══ Exercise inputs ══
lemma lower_upper_singleton:
  assumes p: "p \<in> P"
  shows "lower P le (upper P le {p}) = lower P le {p}"
proof (rule subset_antisym)
  have "p \<in> upper P le {p}" unfolding upper_def using p le_refl by simp
  then show "lower P le (upper P le {p}) \<subseteq> lower P le {p}" by (intro lower_antimono) simp
  show "lower P le {p} \<subseteq> lower P le (upper P le {p})"
  proof
    fix y assume "y \<in> lower P le {p}"
    then have y: "y \<in> P" "le y p" unfolding lower_def by auto
    have "le y w" if "w \<in> upper P le {p}" for w
      using that le_trans[OF y(1) p _ y(2)] unfolding upper_def by simp
    with y show "y \<in> lower P le (upper P le {p})" unfolding lower_def by simp
  qed
qed

lemma c_z: "c z = u"
proof -
  have "c z \<in> upper P le {z, c z}"
    unfolding upper_def using z_in c_in z_le le_refl by auto
  then show ?thesis using upper_pair_compl[OF z_in] by blast
qed

lemma lower_singleton_z: "lower P le {z} = {z}"
  unfolding lower_def using z_in z_le le_antisym le_refl by auto

lemma lower_singleton_u: "lower P le {u} = P"
  unfolding lower_def using le_u by auto

end

context compl_poset
begin

definition cuts :: "'a set set" where
  "cuts = {A. A \<subseteq> P \<and> lower P le (upper P le A) = A}"

definition cut_compl :: "'a set \<Rightarrow> 'a set" where
  "cut_compl A = lower P le (c ` A)"

definition principal :: "'a \<Rightarrow> 'a set" where
  "principal x = lower P le {x}"

lemma cut_subset: "A \<in> cuts \<Longrightarrow> A \<subseteq> P"
  and lower_upper_cut: "A \<in> cuts \<Longrightarrow> lower P le (upper P le A) = A"
  unfolding cuts_def by auto

lemma lower_in_cuts: "M \<subseteq> P \<Longrightarrow> lower P le M \<in> cuts"
  unfolding cuts_def by (simp add: lower_subset lower_upper_lower)

lemma cut_down_closed:
  assumes A: "A \<in> cuts" and "x \<in> A" "y \<in> P" "le y x"
  shows "y \<in> A"
proof -
  have "x \<in> P" using assms cut_subset by blast
  with assms have "y \<in> lower P le (upper P le A)"
    unfolding lower_def upper_def using le_trans by blast
  then show ?thesis using lower_upper_cut[OF A] by simp
qed

lemma z_in_cut: "A \<in> cuts \<Longrightarrow> z \<in> A"
proof -
  assume A: "A \<in> cuts"
  have "z \<in> lower P le (upper P le A)" by (auto simp: lower_def upper_def z_in z_le)
  then show ?thesis by (simp add: lower_upper_cut[OF A])
qed

lemma cut_compl_in_cuts: "A \<subseteq> P \<Longrightarrow> cut_compl A \<in> cuts"
  unfolding cut_compl_def using lower_in_cuts c_image_subset by blast

lemma cut_compl_cut_compl: "A \<in> cuts \<Longrightarrow> cut_compl (cut_compl A) = A"
  unfolding cut_compl_def
  by (simp add: c_image_lower_c_image cut_subset lower_upper_cut)

lemma cut_compl_antimono: "A \<subseteq> B \<Longrightarrow> cut_compl B \<subseteq> cut_compl A"
  unfolding cut_compl_def by (intro lower_antimono image_mono)

lemma inter_cut_compl: "A \<subseteq> P \<Longrightarrow> A \<inter> cut_compl A \<subseteq> {z}"
proof
  fix x assume A: "A \<subseteq> P" and x: "x \<in> A \<inter> cut_compl A"
  then have "x \<in> P" "le x (c x)" unfolding cut_compl_def lower_def by auto
  then have "x \<in> lower P le {x, c x}" unfolding lower_def using le_refl by auto
  then show "x \<in> {z}" using lower_pair_compl \<open>x \<in> P\<close> by blast
qed

lemma cut_compl_z: "cut_compl {z} = P"
  unfolding cut_compl_def using c_z lower_singleton_u by simp

lemma poset_cuts: "poset_on cuts (\<subseteq>)"
  unfolding poset_on_def by blast

lemma is_sup_cuts:
  assumes M: "M \<subseteq> cuts"
  shows "is_sup cuts (\<subseteq>) M (lower P le (upper P le (\<Union>M)))"
proof -
  have UM: "\<Union>M \<subseteq> P" using M cut_subset by blast
  have least: "lower P le (upper P le (\<Union>M)) \<subseteq> B" if B: "B \<in> cuts" "\<forall>A\<in>M. A \<subseteq> B" for B
  proof -
    have "lower P le (upper P le (\<Union>M)) \<subseteq> lower P le (upper P le B)"
      using B(2) by (intro lower_antimono upper_antimono) blast
    then show ?thesis by (simp add: lower_upper_cut[OF B(1)])
  qed
  have "\<forall>A\<in>M. A \<subseteq> lower P le (upper P le (\<Union>M))" using subset_lower_upper[OF UM] by blast
  then have "lower P le (upper P le (\<Union>M)) \<in> upper cuts (\<subseteq>) M"
    unfolding upper_def[of cuts] using lower_in_cuts[OF upper_subset] by simp
  moreover have "\<forall>B\<in>upper cuts (\<subseteq>) M. lower P le (upper P le (\<Union>M)) \<subseteq> B"
    unfolding upper_def[of cuts] using least by simp
  ultimately show ?thesis unfolding is_sup_def by simp
qed

lemma is_inf_cuts:
  assumes M: "M \<subseteq> cuts"
  shows "is_inf cuts (\<subseteq>) M (P \<inter> \<Inter>M)"
proof -
  have sub: "lower P le (upper P le (P \<inter> \<Inter>M)) \<subseteq> A" if A: "A \<in> M" for A
  proof -
    have "lower P le (upper P le (P \<inter> \<Inter>M)) \<subseteq> lower P le (upper P le A)"
      using A by (intro lower_antimono upper_antimono) blast
    moreover have "A \<in> cuts" using A M by blast
    ultimately show ?thesis by (simp add: lower_upper_cut)
  qed
  have "lower P le (upper P le (P \<inter> \<Inter>M)) \<subseteq> P \<inter> \<Inter>M"
    by (intro Int_greatest lower_subset Inter_greatest sub)
  moreover have "P \<inter> \<Inter>M \<subseteq> lower P le (upper P le (P \<inter> \<Inter>M))"
    by (rule subset_lower_upper) blast
  ultimately have "P \<inter> \<Inter>M \<in> cuts" unfolding cuts_def by blast
  moreover have "\<forall>B\<in>lower cuts (\<subseteq>) M. B \<subseteq> P \<inter> \<Inter>M"
    unfolding lower_def[of cuts] using cut_subset by blast
  ultimately show ?thesis unfolding is_inf_def lower_def[of cuts] by blast
qed

lemma z_cut: "{z} \<in> cuts"
  using lower_in_cuts[of "{z}"] z_in by (simp add: lower_singleton_z)

lemma P_cut: "P \<in> cuts"
  using lower_in_cuts[of "{u}"] u_in by (simp add: lower_singleton_u)

lemma lower_cuts_pair_cut_compl:
  assumes A: "A \<in> cuts"
  shows "lower cuts (\<subseteq>) {A, cut_compl A} = {{z}}"
proof (intro equalityI subsetI)
  fix B assume "B \<in> lower cuts (\<subseteq>) {A, cut_compl A}"
  then have "B \<in> cuts" "B \<subseteq> A \<inter> cut_compl A" unfolding lower_def by auto
  then show "B \<in> {{z}}" using inter_cut_compl[OF cut_subset[OF A]] z_in_cut by blast
next
  fix B assume "B \<in> {{z}}"
  moreover have "z \<in> A" "z \<in> cut_compl A"
    using A z_in_cut cut_compl_in_cuts cut_subset by blast+
  ultimately show "B \<in> lower cuts (\<subseteq>) {A, cut_compl A}"
    unfolding lower_def using z_cut by simp
qed

lemma upper_cuts_pair_cut_compl:
  assumes A: "A \<in> cuts"
  shows "upper cuts (\<subseteq>) {A, cut_compl A} = {P}"
proof -
  have "B = P" if B: "B \<in> cuts" "A \<subseteq> B" "cut_compl A \<subseteq> B" for B
  proof -
    have "cut_compl B \<subseteq> A \<inter> cut_compl A"
      using cut_compl_antimono[OF B(2)] cut_compl_antimono[OF B(3)]
      by (simp add: cut_compl_cut_compl[OF A])
    then have "cut_compl B = {z}"
      using inter_cut_compl[OF cut_subset[OF A]] z_in_cut[OF cut_compl_in_cuts[OF cut_subset[OF B(1)]]]
      by blast
    then show "B = P" using cut_compl_cut_compl[OF B(1)] cut_compl_z by simp
  qed
  moreover have "A \<subseteq> P" "cut_compl A \<subseteq> P"
    using A cut_subset cut_compl_in_cuts by blast+
  ultimately show ?thesis unfolding upper_def using P_cut by auto
qed

lemma complete_lattice_with_compl_cuts:
  "complete_lattice_with_compl cuts (\<subseteq>) cut_compl {z} P"
proof -
  have "poset_with_compl cuts (\<subseteq>) cut_compl {z} P"
    unfolding poset_with_compl_def
    by (intro conjI ballI impI)
      (simp_all add: poset_cuts z_cut P_cut z_in_cut cut_subset cut_compl_in_cuts
        cut_compl_antimono cut_compl_cut_compl lower_cuts_pair_cut_compl upper_cuts_pair_cut_compl)
  then show ?thesis
    unfolding complete_lattice_with_compl_def using is_sup_cuts is_inf_cuts by blast
qed

lemma mem_principal: "y \<in> principal x \<longleftrightarrow> y \<in> P \<and> le y x"
  unfolding principal_def lower_def by simp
═══
Once you reach the line containing "cuts \<Longrightarrow> lower", include it and stop; until then, reproduce each line of the listing from its start exactly.

lemma lower_upper_singleton:
  assumes p: "p \<in> P"
  shows "lower P le (upper P le {p}) = lower P le {p}"
proof (rule subset_antisym)
  have "p \<in> upper P le {p}" unfolding upper_def using p le_refl by simp
  then show "lower P le (upper P le {p}) \<subseteq> lower P le {p}" by (intro lower_antimono) simp
  show "lower P le {p} \<subseteq> lower P le (upper P le {p})"
  proof
    fix y assume "y \<in> lower P le {p}"
    then have y: "y \<in> P" "le y p" unfolding lower_def by auto
    have "le y w" if "w \<in> upper P le {p}" for w
      using that le_trans[OF y(1) p _ y(2)] unfolding upper_def by simp
    with y show "y \<in> lower P le (upper P le {p})" unfolding lower_def by simp
  qed
qed

lemma c_z: "c z = u"
proof -
  have "c z \<in> upper P le {z, c z}"
    unfolding upper_def using z_in c_in z_le le_refl by auto
  then show ?thesis using upper_pair_compl[OF z_in] by blast
qed

lemma lower_singleton_z: "lower P le {z} = {z}"
  unfolding lower_def using z_in z_le le_antisym le_refl by auto

lemma lower_singleton_u: "lower P le {u} = P"
  unfolding lower_def using le_u by auto

end

context compl_poset
begin

definition cuts :: "'a set set" where
  "cuts = {A. A \<subseteq> P \<and> lower P le (upper P le A) = A}"

definition cut_compl :: "'a set \<Rightarrow> 'a set" where
  "cut_compl A = lower P le (c ` A)"

definition principal :: "'a \<Rightarrow> 'a set" where
  "principal x = lower P le {x}"

lemma cut_subset: "A \<in> cuts \<Longrightarrow> A \<subseteq> P"
  and lower_upper_cut: "A \<in> cuts \<Longrightarrow> lower P le (upper P le A) = A"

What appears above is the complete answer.